Nie minęło dużo czasu, a szłam już na dół. Weszłam od razu do kuchni, gdzie była Pani Laura.
-Dzień dobry.- powiedziałam nieśmiało.
-Wiedziałam, że przyjdziesz się tłumaczyć.- zaśmiała się wesoło.
-Właściwie to ja...- próbowałam jakoś się tłumaczyć, ale było to raczej zbędne.

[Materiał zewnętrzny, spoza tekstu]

(* Let $\mathcal{X}\subset\mathbb{R}$ be finite or countable, $\Theta\subset\mathbb{R}^m$, and for each $\theta\in\Theta$ let $P^\theta=(p^\theta_{ij})_{i,j\in\mathcal{X}}$ be the transition matrix of a time-homogeneous Markov chain $(X_n)$ on $\mathcal{X}$ which is ergodic under $\mathbb{P}^\theta$. Let $\hat F^\theta(x,x')$, $x,x'\in\mathbb{R}$, denote the distribution function of $(X_0,X_1)$ when $X_0$ has the (unique) invariant distribution $\pi^\theta$ of the chain, i.e. $\hat F^\theta(x,x')=\sum_{i\le x}\sum_{j\le x'}\pi^\theta(i)p^\theta_{ij}$. If all transition probabilities $p^\theta_{ij}$, $i,j\in\mathcal{X}$, are Borel measurable in $\theta$, then for each pair $(x,x')\in\mathbb{R}^2$ the function $\theta\mapsto\hat F^\theta(x,x')$ is Borel measurable.
   Context: A time-homogeneous Markov chain $(X_n)$ is called ergodic if there exists a probability measure $\mu$, not depending on the initial distribution $\mu_0$, such that for every initial distribution $\mu_0$, $\lim_{t\to\infty}\|\mathbb{P}_{\mu_0}(X_t\in\cdot)-\mu\|_{TV}=0$, where $\|\mu-\nu\|_{TV}=2\sup_A(\mu(A)-\nu(A))$; $\mu$ is then the unique invariant distribution. *)

theory Defs
  imports "HOL-Probability.Probability"
begin

text \<open>A Markov chain on a countable state space X \<subseteq> real with transition kernel
  K i (a probability mass function; p_ij = pmf (K i) j).\<close>

definition law_at :: "(real \<Rightarrow> real pmf) \<Rightarrow> real pmf \<Rightarrow> nat \<Rightarrow> real pmf" where
  "law_at K mu0 t = ((\<lambda>\<nu>. bind_pmf \<nu> K) ^^ t) mu0"

definition tv_dist :: "real pmf \<Rightarrow> real pmf \<Rightarrow> real" where
  "tv_dist mu nu = 2 * (SUP A. measure_pmf.prob mu A - measure_pmf.prob nu A)"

-Kochana, naprawdę nie musisz się usprawiedliwiać. Wiedziałam, że jak tylko zostaniecie sami, to ugniesz się pod urokiem osobistym Uckera i dasz szansę tej miłości. Tylko nie spodziewałam się, że tak szybko... Bardzo się cieszę, że w końcu ktoś da szczęście mojemu synowi.
-Dziękuję, że nie jest Pani zła.
-Dlaczego miałabym być zła?
-No, bo wczoraj mówiłam, że nic z tego nie będzie, a dzisiaj zobaczyła nas Pani razem w łóżku. Tak mi głupio...- w tej chwili do kuchni weszła Anahi, a po chwili wyszła wkurzona.

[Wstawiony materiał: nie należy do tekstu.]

lemma measurable_dilate [measurable]: "(\<lambda>x. inverse pr * x) \<in> measurable \<mu> \<mu>"
proof (rule measurable_sigma_sets[OF sets_eq_balls])
  fix B assume "B \<in> {closed_ball a r | a r. True}"
  then show "(\<lambda>x. inverse pr * x) -` B \<inter> space \<mu> \<in> sets \<mu>"
    using closed_ball_dilate[OF prime_nonzero] by auto
qed auto

lemma distr_dilate: "distr \<mu> \<mu> (\<lambda>x. inverse pr * x) = density \<mu> (\<lambda>_. ennreal (1 / real q))"
proof (rule measure_eqI_generator_eq[OF Int_stable_balls, of UNIV _ _ "\<lambda>i. closed_ball 0 (real q ^ i)"])
  have preimage: "emeasure (distr \<mu> \<mu> (\<lambda>x. inverse pr * x)) (closed_ball a r)
      = emeasure \<mu> (closed_ball (pr * a) (r / real q))" for a r
    using emeasure_distr[OF measurable_dilate closed_ball_sets] closed_ball_dilate[OF prime_nonzero]
      absv_prime space_eq by simp
  show "emeasure (distr \<mu> \<mu> (\<lambda>x. inverse pr * x)) (closed_ball 0 (real q ^ i)) \<noteq> \<infinity>" for i
    unfolding preimage by (rule emeasure_closed_ball_finite)
  show "(\<Union>i. closed_ball 0 (real q ^ i)) = UNIV"
    using real_arch_pow[OF q_gt_1] unfolding closed_ball_def by (auto intro: less_imp_le)
  fix X assume "X \<in> {closed_ball a r | a r. True}"
  then obtain a r where X: "X = closed_ball a r" by blast
  have "ennreal (1 / real q) * of_nat q = 1"
    using q_gt_1 by (simp add: ennreal_of_nat_eq_real_of_nat ennreal_mult[symmetric])
  then have "ennreal (1 / real q) * emeasure \<mu> (closed_ball a r) = emeasure \<mu> (closed_ball a (r / real q))"
    unfolding emeasure_closed_ball_eq_q_mult[of a r] by (simp add: mult.assoc[symmetric])
  then show "emeasure (distr \<mu> \<mu> (\<lambda>x. inverse pr * x)) X = emeasure (density \<mu> (\<lambda>_. ennreal (1 / real q))) X"
    unfolding X preimage using emeasure_closed_ball_translate[of "pr * a"] emeasure_closed_ball_translate[of a]
    by (simp add: emeasure_density nn_integral_cmult_indicator)
qed (auto simp: sets_eq_balls)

-Nie przejmuj się tym. Nie musisz mi się ze wszystkiego tłumaczyć, jesteście dorośli. Lepiej pogadaj z Ann, bo chyba się znowu obraziła.
-Zwariuję z taką przyjaciółką.- zaśmiałam się i westchnęłam głośno.
Pobiegłam za nią na górę. Myślałam, że pójdzie do swojego pokoju, a ona wpadła do Uckera z awanturą.
-Co, znowu ją skrzywdzisz?!- krzyknęła, rzucając się na niego z pięściami.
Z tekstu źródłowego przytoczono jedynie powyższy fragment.